| WHAT THIS TASK INVOLVES |
Nothing in the records may be altered, so transcribe them exactly.

[Saved data entries]
-----

lemma module_iso_intertwiner:
  fixes \<iota> \<iota>' :: "'e::field mat \<Rightarrow> 'f::field mat"
  assumes "mat_embedding m n \<iota>" and "mat_embedding m n \<iota>'"
    and F: "module_iso m n \<iota> F" and G: "module_iso m n \<iota>' G"
    and prime_field: "\<And>a::'f. \<exists>k. a = of_nat k"
  shows "\<exists>Y. Y \<in> carrier_mat n n \<and> invertible_mat Y \<and> (\<forall>x\<in>carrier_mat m m. \<iota> x * Y = Y * \<iota>' x)"
proof -
  interpret \<iota>: mat_embedding m n \<iota> by fact
  interpret \<iota>': mat_embedding m n \<iota>' by fact
  define g where "g = the_inv_into (carrier_vec m) G"
  define y where "y v = F (g v)" for v
  note g = module_iso_the_inv_into[OF G, folded g_def]
  note F_bij = module_isoD(1)[OF F] and F_add = module_isoD(2)[OF F]
    and F_smult = module_isoD(3)[OF F] and F_mult = module_isoD(4)[OF F]
  have y_carrier: "y v \<in> carrier_vec n" if "v \<in> carrier_vec n" for v
    unfolding y_def using bij_betw_apply[OF F_bij g(1)[OF that]] .
  have y_add: "y (v + u) = y v + y u" if v: "v \<in> carrier_vec n" and u: "u \<in> carrier_vec n" for v u
    unfolding y_def g(3)[OF v u] using F_add[OF g(1)[OF v] g(1)[OF u]] .
  have y_smult: "y (a \<cdot>\<^sub>v v) = a \<cdot>\<^sub>v y v" if v: "v \<in> carrier_vec n" for a v
  proof -
    obtain k where a: "a = of_nat k" using prime_field by blast
    show ?thesis unfolding y_def a g(4)[OF v] using F_smult[OF g(1)[OF v]] .
  qed
  have y_mult: "y (\<iota>' x *\<^sub>v v) = \<iota> x *\<^sub>v y v" if x: "x \<in> carrier_mat m m" and v: "v \<in> carrier_vec n" for x v
    unfolding y_def g(5)[OF v x] using F_mult[OF x g(1)[OF v]] .
  have y_inj: "inj_on y (carrier_vec n)"
  proof (rule inj_onI)
    fix v v' assume v: "v \<in> carrier_vec n" and v': "v' \<in> carrier_vec n" and eq: "y v = y v'"
    from eq have "g v = g v'" unfolding y_def by (rule inj_onD[OF bij_betw_imp_inj_on[OF F_bij] _ g(1)[OF v] g(1)[OF v']])
    thus "v = v'" using g(2)[OF v] g(2)[OF v'] by metis
  qed
  define Y where "Y = mat_of_lin n y"
  have Y_carrier: "Y \<in> carrier_mat n n" unfolding Y_def by simp
  have Y: "Y *\<^sub>v v = y v" if "v \<in> carrier_vec n" for v
    unfolding Y_def using mat_of_lin_mult_vec[OF y_carrier y_add y_smult that] .
  have "invertible_mat Y" unfolding Y_def using invertible_mat_of_lin[OF y_carrier y_add y_smult y_inj] .
  moreover have "\<iota> x * Y = Y * \<iota>' x" if x: "x \<in> carrier_mat m m" for x
  proof (rule mat_eq_on_vecI)
    fix v :: "'f vec" assume v: "v \<in> carrier_vec n"
    have "(\<iota> x * Y) *\<^sub>v v = \<iota> x *\<^sub>v y v"
      using assoc_mult_mat_vec[OF \<iota>.emb_carrier[OF x] Y_carrier v] Y[OF v] by simp
    also have "\<dots> = Y *\<^sub>v (\<iota>' x *\<^sub>v v)"
      using y_mult[OF x v] Y[OF mult_mat_vec_carrier[OF \<iota>'.emb_carrier[OF x] v]] by simp
    also have "\<dots> = (Y * \<iota>' x) *\<^sub>v v"
      using assoc_mult_mat_vec[OF Y_carrier \<iota>'.emb_carrier[OF x] v] by simp
    finally show "(\<iota> x * Y) *\<^sub>v v = (Y * \<iota>' x) *\<^sub>v v" .
  qed (use Y_carrier \<iota>.emb_carrier[OF x] \<iota>'.emb_carrier[OF x] in auto)
  ultimately show ?thesis using Y_carrier by blast
qed

theorem skolem_noether_finite:
  fixes \<iota> \<iota>' :: "'e::{field,finite} mat \<Rightarrow> 'f::{field,finite} mat"
  assumes "mat_embedding m n \<iota>" and "mat_embedding m n \<iota>'" and "0 < m"
    and "card (UNIV :: 'e set) ^ m = card (UNIV :: 'f set) ^ n" and "\<And>a::'f. \<exists>k. a = of_nat k"
  shows "\<exists>Y. Y \<in> carrier_mat n n \<and> invertible_mat Y \<and> (\<forall>x\<in>carrier_mat m m. \<iota> x * Y = Y * \<iota>' x)"
proof -
  obtain F G where "module_iso m n \<iota> F" "module_iso m n \<iota>' G"
    using module_iso_exists[OF assms(1,3,4)] module_iso_exists[OF assms(2,3,4)] by blast
  thus ?thesis using module_iso_intertwiner[OF assms(1,2) _ _ assms(5)] by blast
qed

section \<open>The action of G on M_m(E)\<close>

lemma abs_irreducible_commutant:
  fixes X :: "'g \<Rightarrow> 'e::field mat"
  assumes irr: "abs_irreducible N m X" and X: "\<And>k. k \<in> N \<Longrightarrow> X k \<in> carrier_mat m m"
    and D: "D \<in> carrier_mat m m" and comm: "\<And>k. k \<in> N \<Longrightarrow> D * X k = X k * D"
    and M: "M \<in> carrier_mat m m"
  shows "D * M = M * D"
proof -
  obtain c where c: "\<forall>i<m. \<forall>j<m. M $$ (i, j) = (\<Sum>k\<in>N. c k * X k $$ (i, j))"
    using irr M unfolding abs_irreducible_def by blast
  have left: "(A * M) $$ (i, j) = (\<Sum>k\<in>N. c k * (A * X k) $$ (i, j))"
    and right: "(M * A) $$ (i, j) = (\<Sum>k\<in>N. c k * (X k * A) $$ (i, j))"
    if A: "A \<in> carrier_mat m m" and i: "i < m" and j: "j < m" for A i j
  proof -
    have AX: "(A * X k) $$ (i, j) = (\<Sum>l\<in>{0..<m}. A $$ (i, l) * X k $$ (l, j))"
      and XA: "(X k * A) $$ (i, j) = (\<Sum>l\<in>{0..<m}. X k $$ (i, l) * A $$ (l, j))" if "k \<in> N" for k
      using X[OF that] A i j by (simp_all add: scalar_prod_def)
    have "(A * M) $$ (i, j) = (\<Sum>l\<in>{0..<m}. A $$ (i, l) * (\<Sum>k\<in>N. c k * X k $$ (l, j)))"
      using A M i j c by (auto simp: scalar_prod_def intro!: sum.cong)
    also have "\<dots> = (\<Sum>k\<in>N. c k * (A * X k) $$ (i, j))"
      by (simp add: AX sum_distrib_left sum.swap[of _ N] mult.left_commute cong: sum.cong)
    finally show "(A * M) $$ (i, j) = (\<Sum>k\<in>N. c k * (A * X k) $$ (i, j))" .
    have "(M * A) $$ (i, j) = (\<Sum>l\<in>{0..<m}. (\<Sum>k\<in>N. c k * X k $$ (i, l)) * A $$ (l, j))"
      using A M i j c by (auto simp: scalar_prod_def intro!: sum.cong)
    also have "\<dots> = (\<Sum>k\<in>N. c k * (X k * A) $$ (i, j))"
      by (simp add: XA sum_distrib_left sum_distrib_right sum.swap[of _ N] mult.assoc cong: sum.cong)
    finally show "(M * A) $$ (i, j) = (\<Sum>k\<in>N. c k * (X k * A) $$ (i, j))" .
  qed
  show ?thesis
    by (rule eq_matI) (use D M comm left[OF D] right[OF D] in auto)
qed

-----

| SOLVED EXERCISE |
lemma module_iso_intertwiner:
  fixes \<iota> \<iota>' :: "'e::field mat \<Rightarrow> 'f::field mat"
  assumes "mat_embedding m n \<iota>" and "mat_embedding m n \<iota>'"
    and F: "module_iso m n \<iota> F" and G: "module_iso m n \<iota>' G"
    and prime_field: "\<And>a::'f. \<exists>k. a = of_nat k"
  shows "\<exists>Y. Y \<in> carrier_mat n n \<and> invertible_mat Y \<and> (\<forall>x\<in>carrier_mat m m. \<iota> x * Y = Y * \<iota>' x)"
proof -
  interpret \<iota>: mat_embedding m n \<iota> by fact
  interpret \<iota>': mat_embedding m n \<iota>' by fact
  define g where "g = the_inv_into (carrier_vec m) G"
  define y where "y v = F (g v)" for v
  note g = module_iso_the_inv_into[OF G, folded g_def]
  note F_bij = module_isoD(1)[OF F] and F_add = module_isoD(2)[OF F]
    and F_smult = module_isoD(3)[OF F] and F_mult = module_isoD(4)[OF F]
  have y_carrier: "y v \<in> carrier_vec n" if "v \<in> carrier_vec n" for v
    unfolding y_def using bij_betw_apply[OF F_bij g(1)[OF that]] .
  have y_add: "y (v + u) = y v + y u" if v: "v \<in> carrier_vec n" and u: "u \<in> carrier_vec n" for v u
    unfolding y_def g(3)[OF v u] using F_add[OF g(1)[OF v] g(1)[OF u]] .
  have y_smult: "y (a \<cdot>\<^sub>v v) = a \<cdot>\<^sub>v y v" if v: "v \<in> carrier_vec n" for a v
  proof -
    obtain k where a: "a = of_nat k" using prime_field by blast
    show ?thesis unfolding y_def a g(4)[OF v] using F_smult[OF g(1)[OF v]] .
  qed
  have y_mult: "y (\<iota>' x *\<^sub>v v) = \<iota> x *\<^sub>v y v" if x: "x \<in> carrier_mat m m" and v: "v \<in> carrier_vec n" for x v
    unfolding y_def g(5)[OF v x] using F_mult[OF x g(1)[OF v]] .
  have y_inj: "inj_on y (carrier_vec n)"
  proof (rule inj_onI)
    fix v v' assume v: "v \<in> carrier_vec n" and v': "v' \<in> carrier_vec n" and eq: "y v = y v'"
    from eq have "g v = g v'" unfolding y_def by (rule inj_onD[OF bij_betw_imp_inj_on[OF F_bij] _ g(1)[OF v] g(1)[OF v']])
    thus "v = v'" using g(2)[OF v] g(2)[OF v'] by metis
  qed
  define Y where "Y = mat_of_lin n y"
  have Y_carrier: "Y \<in> carrier_mat n n" unfolding Y_def by simp
  have Y: "Y *\<^sub>v v = y v" if "v \<in> carrier_vec n" for v
    unfolding Y_def using mat_of_lin_mult_vec[OF y_carrier y_add y_smult that] .
  have "invertible_mat Y" unfolding Y_def using invertible_mat_of_lin[OF y_carrier y_add y_smult y_inj] .
  moreover have "\<iota> x * Y = Y * \<iota>' x" if x: "x \<in> carrier_mat m m" for x
  proof (rule mat_eq_on_vecI)
    fix v :: "'f vec" assume v: "v \<in> carrier_vec n"
    have "(\<iota> x * Y) *\<^sub>v v = \<iota> x *\<^sub>v y v"
      using assoc_mult_mat_vec[OF \<iota>.emb_carrier[OF x] Y_carrier v] Y[OF v] by simp
    also have "\<dots> = Y *\<^sub>v (\<iota>' x *\<^sub>v v)"
      using y_mult[OF x v] Y[OF mult_mat_vec_carrier[OF \<iota>'.emb_carrier[OF x] v]] by simp
    also have "\<dots> = (Y * \<iota>' x) *\<^sub>v v"
      using assoc_mult_mat_vec[OF Y_carrier \<iota>'.emb_carrier[OF x] v] by simp
    finally show "(\<iota> x * Y) *\<^sub>v v = (Y * \<iota>' x) *\<^sub>v v" .
  qed (use Y_carrier \<iota>.emb_carrier[OF x] \<iota>'.emb_carrier[OF x] in auto)
  ultimately show ?thesis using Y_carrier by blast
qed

theorem skolem_noether_finite:
  fixes \<iota> \<iota>' :: "'e::{field,finite} mat \<Rightarrow> 'f::{field,finite} mat"
  assumes "mat_embedding m n \<iota>" and "mat_embedding m n \<iota>'" and "0 < m"
    and "card (UNIV :: 'e set) ^ m = card (UNIV :: 'f set) ^ n" and "\<And>a::'f. \<exists>k. a = of_nat k"
  shows "\<exists>Y. Y \<in> carrier_mat n n \<and> invertible_mat Y \<and> (\<forall>x\<in>carrier_mat m m. \<iota> x * Y = Y * \<iota>' x)"
proof -
  obtain F G where "module_iso m n \<iota> F" "module_iso m n \<iota>' G"
    using module_iso_exists[OF assms(1,3,4)] module_iso_exists[OF assms(2,3,4)] by blast
  thus ?thesis using module_iso_intertwiner[OF assms(1,2) _ _ assms(5)] by blast
qed

section \<open>The action of G on M_m(E)\<close>

lemma abs_irreducible_commutant:
  fixes X :: "'g \<Rightarrow> 'e::field mat"
  assumes irr: "abs_irreducible N m X" and X: "\<And>k. k \<in> N \<Longrightarrow> X k \<in> carrier_mat m m"
    and D: "D \<in> carrier_mat m m" and comm: "\<And>k. k \<in> N \<Longrightarrow> D * X k = X k * D"
    and M: "M \<in> carrier_mat m m"
  shows "D * M = M * D"
proof -
  obtain c where c: "\<forall>i<m. \<forall>j<m. M $$ (i, j) = (\<Sum>k\<in>N. c k * X k $$ (i, j))"
    using irr M unfolding abs_irreducible_def by blast
  have left: "(A * M) $$ (i, j) = (\<Sum>k\<in>N. c k * (A * X k) $$ (i, j))"
    and right: "(M * A) $$ (i, j) = (\<Sum>k\<in>N. c k * (X k * A) $$ (i, j))"
    if A: "A \<in> carrier_mat m m" and i: "i < m" and j: "j < m" for A i j
  proof -
    have AX: "(A * X k) $$ (i, j) = (\<Sum>l\<in>{0..<m}. A $$ (i, l) * X k $$ (l, j))"
      and XA: "(X k * A) $$ (i, j) = (\<Sum>l\<in>{0..<m}. X k $$ (i, l) * A $$ (l, j))" if "k \<in> N" for k
      using X[OF that] A i j by (simp_all add: scalar_prod_def)
    have "(A * M) $$ (i, j) = (\<Sum>l\<in>{0..<m}. A $$ (i, l) * (\<Sum>k\<in>N. c k * X k $$ (l, j)))"
      using A M i j c by (auto simp: scalar_prod_def intro!: sum.cong)
    also have "\<dots> = (\<Sum>k\<in>N. c k * (A * X k) $$ (i, j))"
      by (simp add: AX sum_distrib_left sum.swap[of _ N] mult.left_commute cong: sum.cong)
    finally show "(A * M) $$ (i, j) = (\<Sum>k\<in>N. c k * (A * X k) $$ (i, j))" .
    have "(M * A) $$ (i, j) = (\<Sum>l\<in>{0..<m}. (\<Sum>k\<in>N. c k * X k $$ (i, l)) * A $$ (l, j))"
      using A M i j c by (auto simp: scalar_prod_def intro!: sum.cong)
    also have "\<dots> = (\<Sum>k\<in>N. c k * (X k * A) $$ (i, j))"
      by (simp add: XA sum_distrib_left sum_distrib_right sum.swap[of _ N] mult.assoc cong: sum.cong)
    finally show "(M * A) $$ (i, j) = (\<Sum>k\<in>N. c k * (X k * A) $$ (i, j))" .
  qed
  show ?thesis
    by (rule eq_matI) (use D M comm left[OF D] right[OF D] in auto)
qed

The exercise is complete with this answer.